The National Bureau of Economic Research, the university economists assigned the job of calling recessions, has not yet made its call.

However, members of the NBER panel said yesterday it was increasingly likely they would rule a recession had begun, with some suggesting they would date the start to March 2001.

"The evidence seems overwhelming right now that we are in a recession. But even though the evidence is awfully strong, it is not 100 percent," said Harvard's Jeffrey Frankel, one of six economists on the panel.

If the panel does determine that a recession began in March, it would mean the country's record-long economic expansion ended on its 10th birthday. The last recession began in July 1990 and ended in March 1991.

The retail sales report showed the 7.1 percent October increase followed a 2.2 percent decline in September, a drop influenced by the virtual halt in shopping in the days following the terrorist attacks. It was the largest one-month increase in government records dating back to 1968.

Most of the strength came from the surge in auto sales, reflecting the financing deals offered to lure customers back into showrooms. General Motors has announced it will extend such deals through Jan. 2, and other automakers are expected to follow suit.

Excluding car sales, overall retail sales in October rose 1 percent.

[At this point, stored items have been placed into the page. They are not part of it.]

lemma sum_conj_part:
  assumes "\<forall>p\<in>set mu. p \<le> x"
  shows "(\<Sum>j<x. conj_part mu j) = sum_list mu"
  using assms
proof (induction mu)
  case (Cons p mu)
  have "(\<Sum>j<x. conj_part (p # mu) j) = (\<Sum>j<x. (if j < p then 1 else 0) + conj_part mu j)"
    by (rule sum.cong) (auto simp: conj_part_Cons)
  also have "\<dots> = card ({..<x} \<inter> {..<p}) + sum_list mu"
    using Cons by (simp add: sum.distrib sum.If_cases lessThan_def)
  also have "{..<x} \<inter> {..<p} = {..<p}" using Cons.prems by auto
  finally show ?case by simp
qed simp

lemma a_inv_Cons: "a_inv (x # mu) = a_inv mu + sum_list mu"
proof -
  have "a_inv (x # mu) = (\<Sum>i<Suc (length mu). i * (x # mu) ! i)"
    by (simp add: a_inv_def)
  also have "\<dots> = (\<Sum>i<length mu. Suc i * mu ! i)"
    by (subst sum.lessThan_Suc_shift) simp
  finally have "a_inv (x # mu) = (\<Sum>i<length mu. Suc i * mu ! i)" .
  then show ?thesis
    by (simp add: a_inv_def sum.distrib sum_list_sum_nth atLeast0LessThan)
qed

lemma cells_Cons:
  "cells (x # mu) = (\<lambda>j. (0, j)) ` {..<x} \<union> (\<lambda>(i, j). (Suc i, j)) ` cells mu"
  unfolding cells_def by (auto simp: image_iff nth_Cons split: nat.splits)

lemma finite_cells: "finite (cells mu)"
proof -
  have "cells mu = (\<Union>i<length mu. {i} \<times> {..<mu ! i})" unfolding cells_def by auto
  then show ?thesis by simp
qed

lemma hook_length_Cons_first_row:
  "j < x \<Longrightarrow> hook_length (x # mu) (0, j) = x - j + conj_part mu j"
  by (simp add: hook_length_def conj_part_Cons)

lemma hook_length_Cons_Suc:
  assumes "sorted_wrt (\<ge>) (x # mu)" "(i, j) \<in> cells mu"
  shows "hook_length (x # mu) (Suc i, j) = hook_length mu (i, j)"
proof -
  have "mu ! i \<le> x" using assms nth_mem by (fastforce simp: cells_def)
  then show ?thesis using assms(2) by (simp add: cells_def hook_length_def conj_part_Cons)
qed
lemma convergent_ln_hawkes_mgf_div:
  assumes a_nonneg: "\<And>i. 0 \<le> a i" and adm: "admissible_intensity a (\<lambda>_. a 0)"
  shows "convergent (\<lambda>n. ln (hawkes_mgf a t (\<lambda>_. a 0) n) / n)"
proof (cases "t = 0")
  case True
  then show ?thesis
    using abs_ln_hawkes_mgf_le[OF a_nonneg adm, of t] by (simp add: convergent_const)
next
  case False
  let ?f = "\<lambda>n. t * ln (hawkes_mgf a t (\<lambda>_. a 0) n)"
  have "?f n \<le> t\<^sup>2 * n" for n
  proof -
    have "?f n \<le> \<bar>t\<bar> * \<bar>ln (hawkes_mgf a t (\<lambda>_. a 0) n)\<bar>"
      by (simp add: abs_mult[symmetric])
    also have "\<dots> \<le> \<bar>t\<bar> * (\<bar>t\<bar> * n)"
      by (intro mult_left_mono abs_ln_hawkes_mgf_le[OF a_nonneg adm]) simp
    finally show ?thesis by (simp add: power2_eq_square mult.assoc)
  qed
  then have "convergent (\<lambda>n. ?f n / n)"
    using fekete_superadditive[of ?f, OF signed_ln_hawkes_mgf_superadditive[OF a_nonneg adm]]
    by (blast intro: convergentI)
  then show ?thesis
    using convergent_mult_const_iff[OF False, of "\<lambda>n. ln (hawkes_mgf a t (\<lambda>_. a 0) n) / n"]
    by simp
qed

lemma DTHP_prob_space: "DTHP M a \<xi> \<Longrightarrow> prob_space M"
  unfolding DTHP_def by blast

lemma DTHP_measurable: "DTHP M a \<xi> \<Longrightarrow> 1 \<le> i \<Longrightarrow> \<xi> i \<in> borel_measurable M"
  unfolding DTHP_def by blast

lemma DTHP_values: "DTHP M a \<xi> \<Longrightarrow> 1 \<le> i \<Longrightarrow> \<omega> \<in> space M \<Longrightarrow> \<xi> i \<omega> \<in> {0, 1}"
  unfolding DTHP_def by blast

definition history_event :: "'s measure \<Rightarrow> (nat \<Rightarrow> 's \<Rightarrow> real) \<Rightarrow> nat \<Rightarrow> (nat \<Rightarrow> real) \<Rightarrow> 's set" where
  "history_event M \<xi> n x = {\<omega>\<in>space M. \<forall>i\<in>{1..n}. \<xi> i \<omega> = x i}"

(* The intensity at time n + 1 + k induced by the baseline and the arrivals x 1, ..., x n. *)
definition future_intensity :: "(nat \<Rightarrow> real) \<Rightarrow> nat \<Rightarrow> (nat \<Rightarrow> real) \<Rightarrow> nat \<Rightarrow> real" where
  "future_intensity a n x k = a 0 + (\<Sum>i=1..n. a (Suc n + k - i) * x i)"

lemma history_event_0: "history_event M \<xi> 0 x = space M"
  unfolding history_event_def by simp

lemma history_event_Suc:
  "history_event M \<xi> (Suc n) (x(Suc n := v)) = {\<omega>\<in>history_event M \<xi> n x. \<xi> (Suc n) \<omega> = v}"
  unfolding history_event_def by (auto simp: atLeastAtMostSuc_conv)

lemma sets_history_event:
  assumes "DTHP M a \<xi>" shows "history_event M \<xi> n x \<in> sets M"
  unfolding history_event_def
proof (intro sets.sets_Collect_finite_All)
  fix i assume "i \<in> {1..n}"
  then have [measurable]: "\<xi> i \<in> borel_measurable M"
    using DTHP_measurable[OF assms] by simp
  show "{\<omega>\<in>space M. \<xi> i \<omega> = x i} \<in> sets M" by measurable
qed simp

lemma future_intensity_0: "future_intensity a 0 x = (\<lambda>_. a 0)"
  unfolding future_intensity_def by auto

lemma future_intensity_Suc:
  "future_intensity a (Suc n) (x(Suc n := v)) = next_intensity a (future_intensity a n x) v"
  unfolding future_intensity_def next_intensity_def
  by (auto intro!: sum.cong simp: fun_eq_iff)

lemma measure_history_event_arrival:
  assumes "DTHP M a \<xi>" "\<forall>i\<in>{1..n}. x i \<in> {0, 1}"
  shows "measure M (history_event M \<xi> (Suc n) (x(Suc n := 1)))
    = future_intensity a n x 0 * measure M (history_event M \<xi> n x)"
proof -
  have "\<forall>n\<ge>1. \<forall>x. (\<forall>i\<in>{1..n-1}. x i \<in> {0, 1}) \<longrightarrow>
    measure M {\<omega>\<in>space M. (\<forall>i\<in>{1..n-1}. \<xi> i \<omega> = x i) \<and> \<xi> n \<omega> = 1}
    = (a 0 + (\<Sum>i=1..n-1. a (n - i) * x i)) * measure M {\<omega>\<in>space M. \<forall>i\<in>{1..n-1}. \<xi> i \<omega> = x i}"
    using assms(1) unfolding DTHP_def by blast
  from this[rule_format, of "Suc n" x] assms(2) show ?thesis
    unfolding history_event_Suc by (simp add: history_event_def future_intensity_def)
qed

lemma measure_history_event_no_arrival:
  assumes "DTHP M a \<xi>" "\<forall>i\<in>{1..n}. x i \<in> {0, 1}"
  shows "measure M (history_event M \<xi> (Suc n) (x(Suc n := 0)))
    = (1 - future_intensity a n x 0) * measure M (history_event M \<xi> n x)"
proof -
  interpret prob_space M using DTHP_prob_space[OF assms(1)] .
  have "history_event M \<xi> (Suc n) (x(Suc n := 0))
    = history_event M \<xi> n x - history_event M \<xi> (Suc n) (x(Suc n := 1))"
    using DTHP_values[OF assms(1), of "Suc n"] unfolding history_event_Suc
    by (auto simp: history_event_def)
  moreover have "history_event M \<xi> (Suc n) (x(Suc n := 1)) \<subseteq> history_event M \<xi> n x"
    unfolding history_event_Suc by auto
  ultimately show ?thesis
    using sets_history_event[OF assms(1)] measure_history_event_arrival[OF assms]
    by (simp add: finite_measure_Diff algebra_simps)
qed

lemma abs_sum_arrivals_le:
  assumes "DTHP M a \<xi>" "\<omega> \<in> space M"
  shows "\<bar>\<Sum>i<m. \<xi> (Suc j + i) \<omega>\<bar> \<le> m"
proof -
  have "\<bar>\<xi> (Suc j + i) \<omega>\<bar> \<le> 1" for i
    using DTHP_values[OF assms(1) _ assms(2), of "Suc j + i"] by auto
  then show ?thesis
    using order_trans[OF sum_abs sum_bounded_above[of "{..<m}" "\<lambda>i. \<bar>\<xi> (Suc j + i) \<omega>\<bar>" 1]] by simp
qed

Sales at clothing stores increased 6.9 percent, erasing a 5.9 percent drop in September, while sales at hardware stores, sporting goods establishments and bars and restaurants all posted increases.

Some analysts said the big gain in retail sales makes it less likely the Federal Reserve, which has cut interest rates 10 times this year, will feel the need for another cut when it meets Dec. 11.

But others predicted at least a quarter-point cut to boost consumer confidence in the final weeks of holiday shopping.

David Wyss, an economist at Standard & Poor's in New York, said he believed retail sales would do reasonably well this Christmas, but he cautioned that the full impact of the surge in unemployment, which hit 5.4 percent this month, has yet to be felt.

"The major remaining concern is further terrorist attacks. But on the whole I think the recession will turn out to be very mild," Wyss said.